By all accounts, it should have – and could have been, in another time or on another planet – a day like any other. The sun came up and the Earth flung itself around the broiling star at a break-neck 30km a second, leading to the heartwarming effect that every occupant of the planet who had been alive more than two years affectionately referred to as "daytime". That huge, sloshing orb spun itself about, frolicked with its single moon, and tossed itself about its sun with no real concern for whatever might have been happening on its surface.
Much less elsewhere.
Yet, somewhere in a small city in the Midwest section of the United States, of all places, a young woman sat casually sipping a cup of coffee from a battered old mug. It was nearing dusk by then, the sky turning all sorts of mesmerizing colors that even the most talented watercolor artist struggled to reproduce accurately, and the park she sat in had cleared out from its springtime fill of young children and their equally young and attractive parents. She had unquestionably enjoyed her afternoon of people watching, but the routines of the families that had filed in and out of the park were so predictable that she was sure by the time darkness enveloped the area that she could even read their lips accurately. It had become boring, but it was better than letting the depression and desperation of unemployment completely drag her down into its grips. It was better than listening to her cell keep making a delightfully bubbly popping sound every time her father sent her another text, demanding to know when she intended on finding another job, as if she could simply walk into any business she pleased and demand gainful employment. It was better, in almost every way, than dealing with anything else she put up with during her days.

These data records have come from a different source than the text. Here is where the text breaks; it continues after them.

lemma regular_sum [simp]: "(\<And>i. i \<in> A \<Longrightarrow> regular (g i)) \<Longrightarrow> regular (\<lambda>t c. \<Sum>i\<in>A. g i t c)"
  by (induction A rule: infinite_finite_induct) auto

lemma regular_if [simp]: "regular f \<Longrightarrow> regular g \<Longrightarrow> regular (\<lambda>t c. if P then f t c else g t c)"
  by (cases P) auto

lemma regular_Delta [simp]: "regular Delta"
  unfolding Delta_def[abs_def] by simp

lemma Dt_add [simp]: "regular f \<Longrightarrow> regular g \<Longrightarrow> (t, c) \<in> U \<Longrightarrow>
    Dt (\<lambda>t c. f t c + g t c) t c = Dt f t c + Dt g t c"
  and Dt_diff [simp]: "regular f \<Longrightarrow> regular g \<Longrightarrow> (t, c) \<in> U \<Longrightarrow>
    Dt (\<lambda>t c. f t c - g t c) t c = Dt f t c - Dt g t c"
  and Dt_minus [simp]: "regular f \<Longrightarrow> (t, c) \<in> U \<Longrightarrow> Dt (\<lambda>t c. - f t c) t c = - Dt f t c"
  and Dt_mult [simp]: "regular f \<Longrightarrow> regular g \<Longrightarrow> (t, c) \<in> U \<Longrightarrow>
    Dt (\<lambda>t c. f t c * g t c) t c = Dt f t c * g t c + f t c * Dt g t c"
  and Dt_inverse [simp]: "regular f \<Longrightarrow> (t, c) \<in> U \<Longrightarrow> f t c \<noteq> 0 \<Longrightarrow>
    Dt (\<lambda>t c. inverse (f t c)) t c = - Dt f t c / f t c ^ 2"
  and Dt_divide [simp]: "regular f \<Longrightarrow> regular g \<Longrightarrow> (t, c) \<in> U \<Longrightarrow> g t c \<noteq> 0 \<Longrightarrow>
    Dt (\<lambda>t c. f t c / g t c) t c = (Dt f t c * g t c - f t c * Dt g t c) / g t c ^ 2"
  by (simp_all add: Dt_def regular_diff_t)

lemma Dc_add [simp]: "regular f \<Longrightarrow> regular g \<Longrightarrow> (t, c) \<in> U \<Longrightarrow>
    Dc (\<lambda>t c. f t c + g t c) t c = Dc f t c + Dc g t c"
  and Dc_diff [simp]: "regular f \<Longrightarrow> regular g \<Longrightarrow> (t, c) \<in> U \<Longrightarrow>
    Dc (\<lambda>t c. f t c - g t c) t c = Dc f t c - Dc g t c"
  and Dc_minus [simp]: "regular f \<Longrightarrow> (t, c) \<in> U \<Longrightarrow> Dc (\<lambda>t c. - f t c) t c = - Dc f t c"
  and Dc_mult [simp]: "regular f \<Longrightarrow> regular g \<Longrightarrow> (t, c) \<in> U \<Longrightarrow>
    Dc (\<lambda>t c. f t c * g t c) t c = Dc f t c * g t c + f t c * Dc g t c"
  and Dc_inverse [simp]: "regular f \<Longrightarrow> (t, c) \<in> U \<Longrightarrow> f t c \<noteq> 0 \<Longrightarrow>
    Dc (\<lambda>t c. inverse (f t c)) t c = - Dc f t c / f t c ^ 2"
  and Dc_divide [simp]: "regular f \<Longrightarrow> regular g \<Longrightarrow> (t, c) \<in> U \<Longrightarrow> g t c \<noteq> 0 \<Longrightarrow>
    Dc (\<lambda>t c. f t c / g t c) t c = (Dc f t c * g t c - f t c * Dc g t c) / g t c ^ 2"
  by (simp_all add: Dc_def regular_diff_c)

lemma Dt_power [simp]:
  assumes "regular f" "(t, c) \<in> U"
  shows "Dt (\<lambda>t c. f t c ^ n) t c = of_nat n * f t c ^ (n - 1) * Dt f t c"
  using DERIV_imp_deriv[OF DERIV_power[OF field_differentiable_derivI[OF regular_diff_t[OF assms]]], of n]
  by (simp add: Dt_def mult_ac)

lemma Dc_power [simp]:
  assumes "regular f" "(t, c) \<in> U"
  shows "Dc (\<lambda>t c. f t c ^ n) t c = of_nat n * f t c ^ (n - 1) * Dc f t c"
  using DERIV_imp_deriv[OF DERIV_power[OF field_differentiable_derivI[OF regular_diff_c[OF assms]]], of n]
  by (simp add: Dc_def mult_ac)

lemma Dt_c_only [simp]: "Dt (\<lambda>t c. F c) t c = 0"
  and Dt_var_t [simp]: "Dt (\<lambda>t c. t) t c = 1"
  and Dc_t_only [simp]: "Dc (\<lambda>t c. F t) t c = 0"
  and Dc_var_c [simp]: "Dc (\<lambda>t c. c) t c = 1"
  by (simp_all add: Dt_def Dc_def)

lemma Dt_sum [simp]: "(\<And>i. i \<in> A \<Longrightarrow> regular (g i)) \<Longrightarrow> (t, c) \<in> U \<Longrightarrow>
    Dt (\<lambda>t c. \<Sum>i\<in>A. g i t c) t c = (\<Sum>i\<in>A. Dt (g i) t c)"
proof (induction A rule: infinite_finite_induct)
  case (insert x F)
  have "Dt (\<lambda>t c. \<Sum>i\<in>insert x F. g i t c) t c = Dt (\<lambda>t c. g x t c + (\<Sum>i\<in>F. g i t c)) t c"
    using insert by simp
  also have "\<dots> = Dt (g x) t c + Dt (\<lambda>t c. \<Sum>i\<in>F. g i t c) t c"
    using insert by (intro Dt_add) auto
  finally show ?case using insert by simp
qed (simp_all add: Dt_def)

Mind you, there were moments that she enjoyed her life, but they were relatively few and far between and they paled in comparison to the upbeat, exciting lives of her friends and former classmates. At 25 years old she was sure that she was hitting middle age already, and the fact that so many of her colleagues were married off and popping out squalling children made her feel even older. She was often updated about new teeth or the arrival of another "bundle of joy" while her updates in holiday letters consisted of finally getting to dye her normally black hair purple, or acquiring another kitten. She complained about how absolutely dead the job market was while her siblings and ex-cohorts praised their college educations and thanked whatever deities pleased them most for their steady, gainful employment. In short, the girl – a pretty but not strikingly so, pale-skinned creature whose hair boasted a sort of other-worldly curl to it and whose eyes could have been mistaken for five or six different colors – was discontent, and sitting in the park watching happy families go about their lives made it easier, sometimes, to forget what awaited her when she returned back to her quiet apartment and her content but rather unimpressed cats.

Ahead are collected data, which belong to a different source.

lemma low_marks_rotate_block:
  assumes p: "p \<in> lpaths r n" and a: "a \<in> marked_blocks v r n p"
  shows "low_marks v r (rotate (a * (r + 1)) p) =
    card {u \<in> marked_blocks v r n p. block_key r p u \<le> block_key r p a}"
proof -
  let ?q = "rotate (a * (r + 1)) p"
  have len: "length p = (r + 1) * n" using p by (simp add: lpaths_def)
  have "a < n" using a by (simp add: marked_blocks_def)
  define low where "low u \<longleftrightarrow> p ! (u * (r + 1)) = v \<and> block_key r p u \<le> block_key r p a" for u
  have shift: "?q ! (k * (r + 1) + 0) = v \<and> height r ?q (k * (r + 1) + 0) \<le> 0 \<longleftrightarrow> low ((a + k) mod n)"
    if "k < n" for k
  proof (cases "a + k < n")
    case True
    then show ?thesis
      using nth_rotate_block[OF len _ that, of 0 a] height_rotate_block[OF p \<open>a < n\<close> that]
      by (auto simp: low_def block_key_def)
  next
    case False
    then have "(a + k) mod n = a + k - n" "a + k - n < a" "a + k - n \<le> n"
      using that \<open>a < n\<close> by (simp_all add: le_mod_geq)
    moreover have "height r p ((a + k - n) * (r + 1)) + (int r + 1) \<le> height r p (a * (r + 1)) \<longleftrightarrow>
        height r p ((a + k - n) * (r + 1)) < height r p (a * (r + 1))"
      using height_block_dvd[of r p "a + k - n"] height_block_dvd[of r p a]
      by (intro dvd_add_le_iff_less) simp_all
    ultimately show ?thesis
      using False nth_rotate_block[OF len _ that, of 0 a] height_rotate_block[OF p \<open>a < n\<close> that]
      by (auto simp: low_def block_key_def)
  qed
  have "low_marks v r ?q =
      card {m. m < (r + 1) * n \<and> (?q ! m = v \<and> height r ?q m \<le> 0) \<and> m mod (r + 1) = 0}"
    unfolding low_marks_def using len by (intro arg_cong[where f = card]) auto
  also have "\<dots> = card {k. k < n \<and> ?q ! (k * (r + 1) + 0) = v \<and> height r ?q (k * (r + 1) + 0) \<le> 0}"
    by (rule card_residue_class) simp
  also have "\<dots> = card {k \<in> {..<n}. low ((a + k) mod n)}"
    using shift by (intro arg_cong[where f = card]) auto
  also have "\<dots> = card {u \<in> {..<n}. low u}"
    by (rule card_filter_bij_betw[OF bij_betw_add_mod[OF \<open>a < n\<close>]])
  also have "\<dots> = card {u \<in> marked_blocks v r n p. block_key r p u \<le> block_key r p a}"
    unfolding low_def marked_blocks_def by (intro arg_cong[where f = card]) auto
  finally show ?thesis .
qed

It was that very evening, as she rinsed her beloved coffee mug in a water fountain and then tucked it back into the messenger bag at her side, that she wondered how long she would have to wait before something, anything changed. Before she could brag about her life, and the wonderful and amazing and exciting things that she was somehow blessed enough to experience. So it was perhaps surprising to her when she realized that the park, despite the time, seemed to be making an almost mechanical, low buzzing sound.
She whipped around as though she fully expected to see something behind her, but as she had figured, she was alone and there was nothing there to explain the noise. I must be going insane, she bitterly thought, her brow knitting in frustration. Her fingers lifted and rubbed briefly at her ears, perhaps hoping she could invoke the noise into escaping on its own, but as she realized it surely wasn't something that her own body was creating, or that it wasn't simply some mental reaction, a side effect from too many years of overly loud dubstep, she frowned.

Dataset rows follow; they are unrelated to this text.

lemma borel_measurable_active_posterior:
  fixes Q :: "'w measure"
  assumes "finite A" and hyper: "\<tau>0 > 0" "ac > 0" "bc > 0"
    and z: "\<And>j. (\<lambda>\<omega>. z \<omega> j) \<in> borel_measurable Q"
    and B: "B \<inter> Theta p A \<in> sets (param_space p)"
  shows "(\<lambda>(\<omega>, y). active_posterior n p X \<sigma>0 (guided_prior p A \<sigma>0 \<tau>0 ac bc \<sigma>\<eta> (z \<omega>)) A y B)
    \<in> borel_measurable (Q \<Otimes>\<^sub>M param_space n)"
proof -
  have z': "\<And>j. (\<lambda>x. z (fst x) j) \<in> borel_measurable (Q \<Otimes>\<^sub>M param_space n)"
    using z by measurable
  have "(\<lambda>x. \<integral>\<beta>. indicator C \<beta> * lik n p X \<sigma>0 \<beta> (snd x) \<partial>guided_prior p A \<sigma>0 \<tau>0 ac bc \<sigma>\<eta> (z (fst x)))
      \<in> borel_measurable (Q \<Otimes>\<^sub>M param_space n)" if C[measurable]: "C \<in> sets (param_space p)" for C
    by (intro borel_measurable_integral_guided_prior[OF assms(1) hyper z']) (measurable, simp add: lik_nonneg)
  from this[OF B] this[OF sets_Theta] show ?thesis
    unfolding active_posterior_def split_beta' by measurable
qed

lemma sets_active_posterior_gt:
  fixes Q :: "'w measure"
  assumes hyper: "\<tau>0 > 0" "ac > 0" "bc > 0"
    and z: "\<And>j. (\<lambda>\<omega>. z \<omega> j) \<in> borel_measurable Q"
    and An: "\<And>A. {\<omega> \<in> space Q. An \<omega> = A} \<in> sets Q" "\<And>\<omega>. \<omega> \<in> space Q \<Longrightarrow> An \<omega> \<subseteq> {..<p}"
    and B: "\<And>A. B \<inter> Theta p A \<in> sets (param_space p)"
  shows "{(\<omega>, y) \<in> space (Q \<Otimes>\<^sub>M data_measure n p X \<sigma>0 b0).
      \<epsilon> < active_posterior n p X \<sigma>0 (guided_prior p (An \<omega>) \<sigma>0 \<tau>0 ac bc \<sigma>\<eta> (z \<omega>)) (An \<omega>) y B}
    \<in> sets (Q \<Otimes>\<^sub>M data_measure n p X \<sigma>0 b0)"
proof -
  let ?post = "\<lambda>A \<omega> y. active_posterior n p X \<sigma>0 (guided_prior p A \<sigma>0 \<tau>0 ac bc \<sigma>\<eta> (z \<omega>)) A y B"
  have sets_eq: "sets (Q \<Otimes>\<^sub>M data_measure n p X \<sigma>0 b0) = sets (Q \<Otimes>\<^sub>M param_space n)"
    by (rule sets_pair_measure_cong[OF refl sets_data_measure])
  have "{(\<omega>, y) \<in> space (Q \<Otimes>\<^sub>M data_measure n p X \<sigma>0 b0). \<epsilon> < ?post (An \<omega>) \<omega> y}
      = (\<Union>A\<in>Pow {..<p}. {x \<in> space (Q \<Otimes>\<^sub>M param_space n). An (fst x) = A}
          \<inter> {x \<in> space (Q \<Otimes>\<^sub>M param_space n). \<epsilon> < (\<lambda>(\<omega>, y). ?post A \<omega> y) x})"
    using An(2) sets_eq_imp_space_eq[OF sets_eq] by (auto simp: space_pair_measure)
  also have "\<dots> \<in> sets (Q \<Otimes>\<^sub>M param_space n)"
  proof (intro sets.finite_UN sets.Int)
    fix A assume "A \<in> Pow {..<p}"
    then have "finite A"
      by (auto intro: finite_subset)
    note [measurable] = borel_measurable_active_posterior[OF this hyper z B]
    show "{x \<in> space (Q \<Otimes>\<^sub>M param_space n). \<epsilon> < (\<lambda>(\<omega>, y). ?post A \<omega> y) x} \<in> sets (Q \<Otimes>\<^sub>M param_space n)"
      by measurable
    have "{x \<in> space (Q \<Otimes>\<^sub>M param_space n). An (fst x) = A} = fst -` {\<omega> \<in> space Q. An \<omega> = A} \<inter> space (Q \<Otimes>\<^sub>M param_space n)"
      by (auto simp: space_pair_measure)
    then show "{x \<in> space (Q \<Otimes>\<^sub>M param_space n). An (fst x) = A} \<in> sets (Q \<Otimes>\<^sub>M param_space n)"
      using measurable_sets[OF measurable_fst An(1)] by simp
  qed auto
  finally show ?thesis
    unfolding sets_eq .
qed

lemma active_sets_subset_Pow: "active_sets p S0 m \<subseteq> Pow {..<p}"
  by (auto simp: active_sets_def)

lemma measure_active_set_admissible_tendsto_1:
  fixes Q :: "'w measure" and An :: "nat \<Rightarrow> 'w \<Rightarrow> nat set" and bhat :: "nat \<Rightarrow> 'w \<Rightarrow> nat \<Rightarrow> real"
    and p :: "nat \<Rightarrow> nat" and t r m :: "nat \<Rightarrow> real"
  assumes Q: "prob_space Q"
    and bhat: "\<And>n j. (\<lambda>\<omega>. bhat n \<omega> j) \<in> borel_measurable Q"
    and An: "\<And>n A. {\<omega> \<in> space Q. An n \<omega> = A} \<in> sets Q" "\<And>n \<omega>. \<omega> \<in> space Q \<Longrightarrow> An n \<omega> \<subseteq> {..<p n}"
    and S0: "\<And>n. S0 n \<subseteq> {..<p n}"
    and screening: "\<And>n \<omega>. \<omega> \<in> space Q \<Longrightarrow> {j. j < p n \<and> t n < \<bar>bhat n \<omega> j\<bar>} \<subseteq> An n \<omega>"
    and r: "\<And>n. t n < r n"
    and support_detected: "(\<lambda>n. measure Q {\<omega> \<in> space Q. \<forall>j \<in> S0 n. r n \<le> \<bar>bhat n \<omega> j\<bar>}) \<longlonglongrightarrow> 1"
    and size: "(\<lambda>n. measure Q {\<omega> \<in> space Q. real (card (An n \<omega>)) \<le> m n}) \<longlonglongrightarrow> 1"
  shows "(\<lambda>n. measure Q {\<omega> \<in> space Q. An n \<omega> \<in> active_sets (p n) (S0 n) (m n)}) \<longlonglongrightarrow> 1"
proof -
  interpret Q: prob_space Q
    by (rule Q)
  define D where "D n = {\<omega> \<in> space Q. \<forall>j \<in> S0 n. r n \<le> \<bar>bhat n \<omega> j\<bar>}" for n
  define Z where "Z n = {\<omega> \<in> space Q. real (card (An n \<omega>)) \<le> m n}" for n
  define G where "G n = {\<omega> \<in> space Q. An n \<omega> \<in> active_sets (p n) (S0 n) (m n)}" for n
  have D_sets: "D n \<in> sets Q" for n
  proof -
    have [measurable]: "(\<lambda>\<omega>. bhat n \<omega> j) \<in> borel_measurable Q" for j
      by (rule bhat)
    have "{\<omega> \<in> space Q. r n \<le> \<bar>bhat n \<omega> j\<bar>} \<in> sets Q" for j
      by measurable
    moreover have "finite (S0 n)"
      using S0 by (rule finite_subset) simp
    ultimately show ?thesis
      unfolding D_def by (intro sets.sets_Collect_finite_All)
  qed
  have Z_sets: "Z n \<in> sets Q" for n
    unfolding Z_def by (rule sets_level_set_finite_range[of Q "An n" "p n"]) (use An in auto)
  have G_sets: "G n \<in> sets Q" for n
    unfolding G_def by (rule sets_level_set_finite_range[of Q "An n" "p n"]) (use An in auto)
  have DZ_G: "D n \<inter> Z n \<subseteq> G n" for n
  proof
    fix \<omega> assume \<omega>: "\<omega> \<in> D n \<inter> Z n"
    then have "S0 n \<subseteq> An n \<omega>"
      using S0 screening[of \<omega> n] r[of n] by (fastforce simp: D_def)
    with \<omega> An(2)[of \<omega> n] show "\<omega> \<in> G n"
      by (auto simp: G_def Z_def D_def active_sets_def)
  qed
  have lower: "measure Q (D n) + measure Q (Z n) - 1 \<le> measure Q (G n)" for n
    using Q.prob_Int_ge[OF D_sets[of n] Z_sets[of n]] Q.finite_measure_mono[OF DZ_G[of n] G_sets[of n]] by linarith
  have "(\<lambda>n. measure Q (D n) + measure Q (Z n) - 1) \<longlonglongrightarrow> 1 + 1 - 1"
    using support_detected size unfolding D_def Z_def by (intro tendsto_intros)
  then have lim: "(\<lambda>n. measure Q (D n) + measure Q (Z n) - 1) \<longlonglongrightarrow> 1"
    by simp
  show ?thesis
    unfolding G_def[symmetric]
    by (rule tendsto_sandwich[OF always_eventually[OF allI[OF lower]] _ lim tendsto_const]) (simp add: Q.prob_le_1)
qed

lemma measure_active_posterior_gt_tendsto_0:
  fixes A :: "nat \<Rightarrow> nat set" and \<A> :: "nat \<Rightarrow> nat set set" and z :: "nat \<Rightarrow> nat \<Rightarrow> real"
    and \<phi> :: "nat \<Rightarrow> (nat \<Rightarrow> real) \<Rightarrow> real" and \<Omega> :: "nat \<Rightarrow> nat set \<Rightarrow> (nat \<Rightarrow> real) set"
    and p :: "nat \<Rightarrow> nat" and X :: "nat \<Rightarrow> nat \<Rightarrow> nat \<Rightarrow> real" and \<beta>0 :: "nat \<Rightarrow> nat \<Rightarrow> real"
    and eps :: "nat \<Rightarrow> real" and \<sigma>0 M a b \<epsilon> :: real
  defines "P0 n \<equiv> data_measure n (p n) (X n) \<sigma>0 (\<beta>0 n)"
  assumes \<sigma>0: "\<sigma>0 > 0" and hyper: "\<tau>0 > 0" "ac > 0" "bc > 0" and \<A>: "\<And>n. \<A> n \<subseteq> Pow {..<p n}"
    and \<phi>: "\<And>n. \<phi> n \<in> borel_measurable (param_space n)" "\<And>n y. 0 \<le> \<phi> n y \<and> \<phi> n y \<le> 1"
    and type_I: "(\<lambda>n. \<integral>y. \<phi> n y \<partial>P0 n) \<longlonglongrightarrow> 0"
    and type_II: "\<forall>\<^sub>F n in sequentially. \<forall>A' \<in> \<A> n. \<forall>\<beta> \<in> Theta (p n) A'.
       M * eps n \<le> l2dist (p n) \<beta> (\<beta>0 n) \<longrightarrow>
       (\<integral>y. 1 - \<phi> n y \<partial>data_measure n (p n) (X n) \<sigma>0 \<beta>) \<le> exp (- b * real n * (eps n)^2)"
    and \<Omega>: "\<And>n A'. \<Omega> n A' \<in> sets (param_space n)"
      "\<And>e. e > 0 \<Longrightarrow> \<forall>\<^sub>F n in sequentially. \<forall>A' \<in> \<A> n. measure (P0 n) (space (P0 n) - \<Omega> n A') < e"
    and evidence: "\<And>n A' y. A' \<in> \<A> n \<Longrightarrow> y \<in> \<Omega> n A' \<Longrightarrow>
       exp (- a * real n * (eps n)^2) \<le> (\<integral>\<beta>. indicator (Theta (p n) A') \<beta> *
         (lik n (p n) (X n) \<sigma>0 \<beta> y / lik n (p n) (X n) \<sigma>0 (\<beta>0 n) y) \<partial>guided_prior (p n) A' \<sigma>0 \<tau>0 ac bc \<sigma>\<eta> (z n))"
    and ab: "a < b" and rate: "filterlim (\<lambda>n. real n * (eps n)^2) at_top sequentially"
    and \<epsilon>: "\<epsilon> > 0"
  shows "(\<lambda>n. if A n \<in> \<A> n then measure (P0 n) {y \<in> space (param_space n).
      \<epsilon> < active_posterior n (p n) (X n) \<sigma>0 (guided_prior (p n) (A n) \<sigma>0 \<tau>0 ac bc \<sigma>\<eta> (z n)) (A n) y
        {\<beta>. M * eps n \<le> l2dist (p n) \<beta> (\<beta>0 n)}} else 0) \<longlonglongrightarrow> 0"
    (is "?f \<longlonglongrightarrow> 0")
proof (rule order_tendstoI)
  show "\<forall>\<^sub>F n in sequentially. c < ?f n" if "c < 0" for c
    using that by (intro always_eventually) (auto intro: less_le_trans[OF _ measure_nonneg])
  show "\<forall>\<^sub>F n in sequentially. ?f n < e" if e: "0 < e" for e
  proof -
    define H where "H = 2 * measure (inv_gamma ac bc) (space (inv_gamma ac bc))"
    define rest where "rest n = 2 * exp (- b * real n * (eps n)^2) * H / (\<epsilon> * exp (- a * real n * (eps n)^2))" for n
    have "(\<lambda>n. 2 * H / \<epsilon> * (exp (- b * (real n * (eps n)^2)) / exp (- a * (real n * (eps n)^2))))
        \<longlonglongrightarrow> 2 * H / \<epsilon> * 0"
      by (intro tendsto_mult tendsto_const exp_ratio_tendsto_0 ab rate)
    moreover have "rest = (\<lambda>n. 2 * H / \<epsilon> * (exp (- b * (real n * (eps n)^2)) / exp (- a * (real n * (eps n)^2))))"
      using \<epsilon> by (simp add: rest_def fun_eq_iff field_simps)
    ultimately have "rest \<longlonglongrightarrow> 0"
      by simp
    then have "\<forall>\<^sub>F n in sequentially. rest n < e / 3"
      using e by (intro order_tendstoD) auto
    moreover have "\<forall>\<^sub>F n in sequentially. (\<integral>y. \<phi> n y \<partial>P0 n) < e / 6"
      using order_tendstoD(2)[OF type_I, of "e / 6"] e by simp
    moreover have "\<forall>\<^sub>F n in sequentially. \<forall>A' \<in> \<A> n. measure (P0 n) (space (P0 n) - \<Omega> n A') < e / 3"
      using e by (intro \<Omega>(2)) auto
    ultimately show ?thesis
      using type_II
    proof eventually_elim
      case (elim n)
      show ?case
      proof (cases "A n \<in> \<A> n")
        case True
        have "finite (A n)"
          using \<A> True by (auto intro: finite_subset)
        then have "measure (P0 n) {y \<in> space (param_space n).
            \<epsilon> < active_posterior n (p n) (X n) \<sigma>0 (guided_prior (p n) (A n) \<sigma>0 \<tau>0 ac bc \<sigma>\<eta> (z n)) (A n) y
              {\<beta>. M * eps n \<le> l2dist (p n) \<beta> (\<beta>0 n)}}
          \<le> measure (P0 n) (space (param_space n) - \<Omega> n (A n)) + 2 * (\<integral>y. \<phi> n y \<partial>P0 n) + rest n"
          unfolding P0_def H_def rest_def using elim(4) True evidence[OF True] \<epsilon>
          by (intro active_posterior_tail_bound[OF \<sigma>0 _ hyper sets_l2dist_ge_Int_Theta \<phi> _ _ \<Omega>(1)]) auto
        moreover have "measure (P0 n) (space (param_space n) - \<Omega> n (A n)) < e / 3"
          using elim(3) True by (simp add: P0_def space_data_measure)
        ultimately show ?thesis
          using True elim(1,2) by simp
      qed (use e in simp)
    qed
  qed
qed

The streets that made the park into a corner lot held the same amount of traffic as always, a few cars here and there but nothing extraordinary. The lights had come on by then, tall, old fashioned lamps meant to look like wrought iron with glass lanterns atop lit by soft orange bulbs. The somewhat long grass swayed about in the warm, gentle breeze and the shadows of the many trees about her grew longer and darker as the sun faded away below the distant horizon. It was a night exactly like every other night she had come out to the park to enjoy watching life blossom around her, and yet there was something so desperately wrong with the whole thing that she couldn't quite put a finger on it.
The buzz grew louder.
It was almost like bees, she realized, though it sounded like it was coming from half a mile beneath her feet and as if their wings had been replaced by miniscule watch parts. It would have been oddly soothing, if it wasn't so completely out of place and inexplicable. Even being able to pinpoint a source for the sound would have made it that much more tolerable, but as her head snapped left and right and left again, each time ruling out potential causes for the low buzz, she realized that she would be afforded no such luxury. The park was nearly dark, and worst of all, the few stragglers who remained – mostly teenagers and the occasional family with older children – didn't seem to notice the noise as she had. If so, they weren't acknowledging it in a way that she could understand or ascertain, and that almost bothered her more.
Her complete distraction made being run into by two sprinting individuals even more surprising.